基本思想:最近在阅读NCNN源码,学完OpenMP之后,在学习一下Neon,因为手中的FPGA开发板还在做焊接,所以还是委屈一下手机,进行ARM的neon部分学习和验证吧~
首先先下载一下AIDA64.APK确认一下手机是否支持neon指令
(1) 构建一下Android工程和选择支持JNI编程 ,顺手也把opencv SDK包裹进去了,以防学习中用到 (不用的可以不包裹)
之间遇到一个之前没有遇到一个错误
More than one file was found with OS independent path 'lib/arm64-v8a/libcoreMesh.so'
在build.gradle添加( F:\neon\app\build.gradle)
packagingOptions {
pickFirst "lib/arm64-v8a/libopencv_java4.so"
pickFirst "lib/armeabi-v7a/libopencv_java4.so"
pickFirst "lib/x86/libopencv_java4.so"
pickFirst "lib/x86_64/libopencv_java4.so"
}
(2)、因为要neon在android studio的真机内中支持测试,需要写入
arguments '-DANDROID=c++_shared',"-DANDROID_ARM_NEON=TRUE", "-DANDROID_TOOLCHAIN=clang -mfloat-abi=softfp -mfpu=neon"//"-mfloat-abi=hard"
截图修改如下(真心不会Android studio 只会JNI)
plugins {
id 'com.android.application'
}
android {
compileSdkVersion 30
//buildToolsVersion "30.0.3"
defaultConfig {
applicationId "com.example.neon"
minSdkVersion 21
targetSdkVersion 30
versionCode 1
versionName "1.0"
testInstrumentationRunner "androidx.test.runner.AndroidJUnitRunner"
externalNativeBuild {
cmake {
cppFlags "-std=c++11"
arguments '-DANDROID=c++_shared',"-DANDROID_ARM_NEON=TRUE", "-DANDROID_TOOLCHAIN=clang -mfloat-abi=softfp -mfpu=neon"//"-mfloat-abi=hard"

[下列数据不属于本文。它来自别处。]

(* Let $E$ be a set and let $T$ be a set of clauses over $E$, where a clause is a pair written $X\Rightarrow Y$ with $X,Y\subseteq E$, standing for the formula $\bigwedge X\Rightarrow\bigvee Y$. Define the event structure $(E,\vdash_T)$ by: $X\vdash_T Y$ iff for every $Z\subseteq E$ with $(Y\Rightarrow Z)\in T$ we have $X\cap Z\neq\emptyset$. Then the set of left-closed configurations of $(E,\vdash_T)$ equals the set of models of $T$, i.e. the set of $m\subseteq E$ such that for every clause $(X\Rightarrow Y)\in T$, $X\subseteq m$ implies $Y\cap m\neq\emptyset$.
   Context: An event structure is a pair $(E,\vdash)$ with $\vdash\subseteq\mathcal{P}(E)\times\mathcal{P}(E)$. A set $X\subseteq E$ is a left-closed configuration iff for every $Y\subseteq X$ there exists $Z\subseteq X$ with $Z\vdash Y$. *)

theory Defs
  imports Main
begin

definition left_closed_config :: "'a set \<Rightarrow> ('a set \<Rightarrow> 'a set \<Rightarrow> bool) \<Rightarrow> 'a set \<Rightarrow> bool" where
  "left_closed_config E ent X \<longleftrightarrow> X \<subseteq> E \<and> (\<forall>Y. Y \<subseteq> X \<longrightarrow> (\<exists>Z. Z \<subseteq> X \<and> ent Z Y))"

definition clause_entails :: "'a set \<Rightarrow> ('a set \<times> 'a set) set \<Rightarrow> 'a set \<Rightarrow> 'a set \<Rightarrow> bool" where
  "clause_entails E T X Y \<longleftrightarrow> (\<forall>Z. Z \<subseteq> E \<longrightarrow> (Y, Z) \<in> T \<longrightarrow> X \<inter> Z \<noteq> {})"

definition models :: "'a set \<Rightarrow> ('a set \<times> 'a set) set \<Rightarrow> 'a set set" where
  "models E T = {m. m \<subseteq> E \<and> (\<forall>X Y. (X, Y) \<in> T \<longrightarrow> X \<subseteq> m \<longrightarrow> Y \<inter> m \<noteq> {})}"

end

theory Submission
  imports Defs
begin

text \<open>A model \<open>m\<close> entails every \<open>Y \<subseteq> m\<close> from \<open>m\<close> itself: a clause \<open>Y \<Rightarrow> Z\<close> has its
  body inside \<open>m\<close>, so its head meets \<open>m\<close>. Conversely, if \<open>X \<subseteq> m\<close> is entailed by some
  \<open>Z \<subseteq> m\<close>, then \<open>Z\<close>, and hence \<open>m\<close>, meets the head of every clause with body \<open>X\<close>.\<close>

lemma clause_entails_self_if_model:
  assumes "m \<in> models E T" and "Y \<subseteq> m"
  shows "clause_entails E T m Y"
  using assms unfolding models_def clause_entails_def by blast

lemma left_closed_config_if_model:
  assumes "m \<in> models E T"
  shows "left_closed_config E (clause_entails E T) m"
  using assms clause_entails_self_if_model
  unfolding left_closed_config_def models_def by blast

lemma model_if_left_closed_config:
  assumes heads: "\<forall>(X, Y) \<in> T. Y \<subseteq> E"
    and lc: "left_closed_config E (clause_entails E T) m"
  shows "m \<in> models E T"
  unfolding models_def
proof (intro CollectI conjI allI impI)
  show "m \<subseteq> E" using lc by (simp add: left_closed_config_def)
next
  fix X Y assume XY: "(X, Y) \<in> T" and "X \<subseteq> m"
  then obtain Z where "Z \<subseteq> m" and "clause_entails E T Z X"
    using lc by (auto simp: left_closed_config_def)
  moreover have "Y \<subseteq> E" using heads XY by blast
  ultimately show "Y \<inter> m \<noteq> {}"
    using XY unfolding clause_entails_def by blast
qed

theorem mainTheorem4:
  fixes E :: "'a set" and T :: "('a set \<times> 'a set) set"
  assumes "\<forall>(X, Y) \<in> T. X \<subseteq> E \<and> Y \<subseteq> E"
  shows "{X. left_closed_config E (clause_entails E T) X} = models E T"
proof -
  have "\<forall>(X, Y) \<in> T. Y \<subseteq> E" using assms by blast
  then show ?thesis
    using model_if_left_closed_config left_closed_config_if_model by blast
qed

end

abiFilters 'armeabi-v7a','arm64-v8a'//,'x86','x86_64'
}
}
}
packagingOptions {
pickFirst "lib/arm64-v8a/libopencv_java4.so"
pickFirst "lib/armeabi-v7a/libopencv_java4.so"
pickFirst "lib/x86/libopencv_java4.so"
pickFirst "lib/x86_64/libopencv_java4.so"
}
sourceSets{
main{
jniLibs.srcDirs=["src/main/jniLibs/libs"]
}
}
buildTypes {
release {
minifyEnabled false
proguardFiles getDefaultProguardFile('proguard-android-optimize.txt'), 'proguard-rules.pro'
}
}
externalNativeBuild {
cmake {
path "src/main/cpp/CMakeLists.txt"
version "3.10.2"
}
}
compileOptions {
sourceCompatibility JavaVersion.VERSION_1_8
targetCompatibility JavaVersion.VERSION_1_8
}
}
dependencies {
implementation 'androidx.appcompat:appcompat:1.1.0'
implementation 'com.google.android.material:material:1.1.0'
implementation 'androidx.constraintlayout:constraintlayout:1.1.3'
implementation project(path: ':sdk')
testImplementation 'junit:junit:4.+'
androidTestImplementation 'androidx.test.ext:junit:1.1.1'
androidTestImplementation 'androidx.test.espresso:espresso-core:3.2.0'
}
(3)、修改一下主程序,测带打印一下手机的ARM架构
package com.example.neon;
import androidx.appcompat.app.AppCompatActivity;
import android.os.Bundle;
import android.util.Log;
import android.widget.TextView;
import java.io.BufferedReader;
import java.io.FileReader;
import java.io.IOException;
import java.util.List;
import java.util.regex.Matcher;
import java.util.regex.Pattern;
public class MainActivity extends AppCompatActivity {
// Used to load the 'native-lib' library on application startup.
static {
System.loadLibrary("native-lib");
}
public static String getFieldFromCpuinfo(String field) throws IOException {
BufferedReader br = new BufferedReader(new FileReader("/proc/cpuinfo"));
Pattern p = Pattern.compile(field + "\\s*:\\s*(.*)");
try {
String line;
while ((line = br.readLine()) != null) {
Matcher m = p.matcher(line);
if (m.matches()) {
return m.group(1);
}
}
} finally {
br.close();
}
return null;
}
public static boolean isCPU64(){
boolean result = false;
String mProcessor = null;
List<String > list = null;
try {
mProcessor = getFieldFromCpuinfo("Processor");
} catch (IOException e) {
e.printStackTrace();
}
if (mProcessor != null) {
// D/CpuUtils: isCPU64 mProcessor = AArch64 Processor rev 4 (aarch64)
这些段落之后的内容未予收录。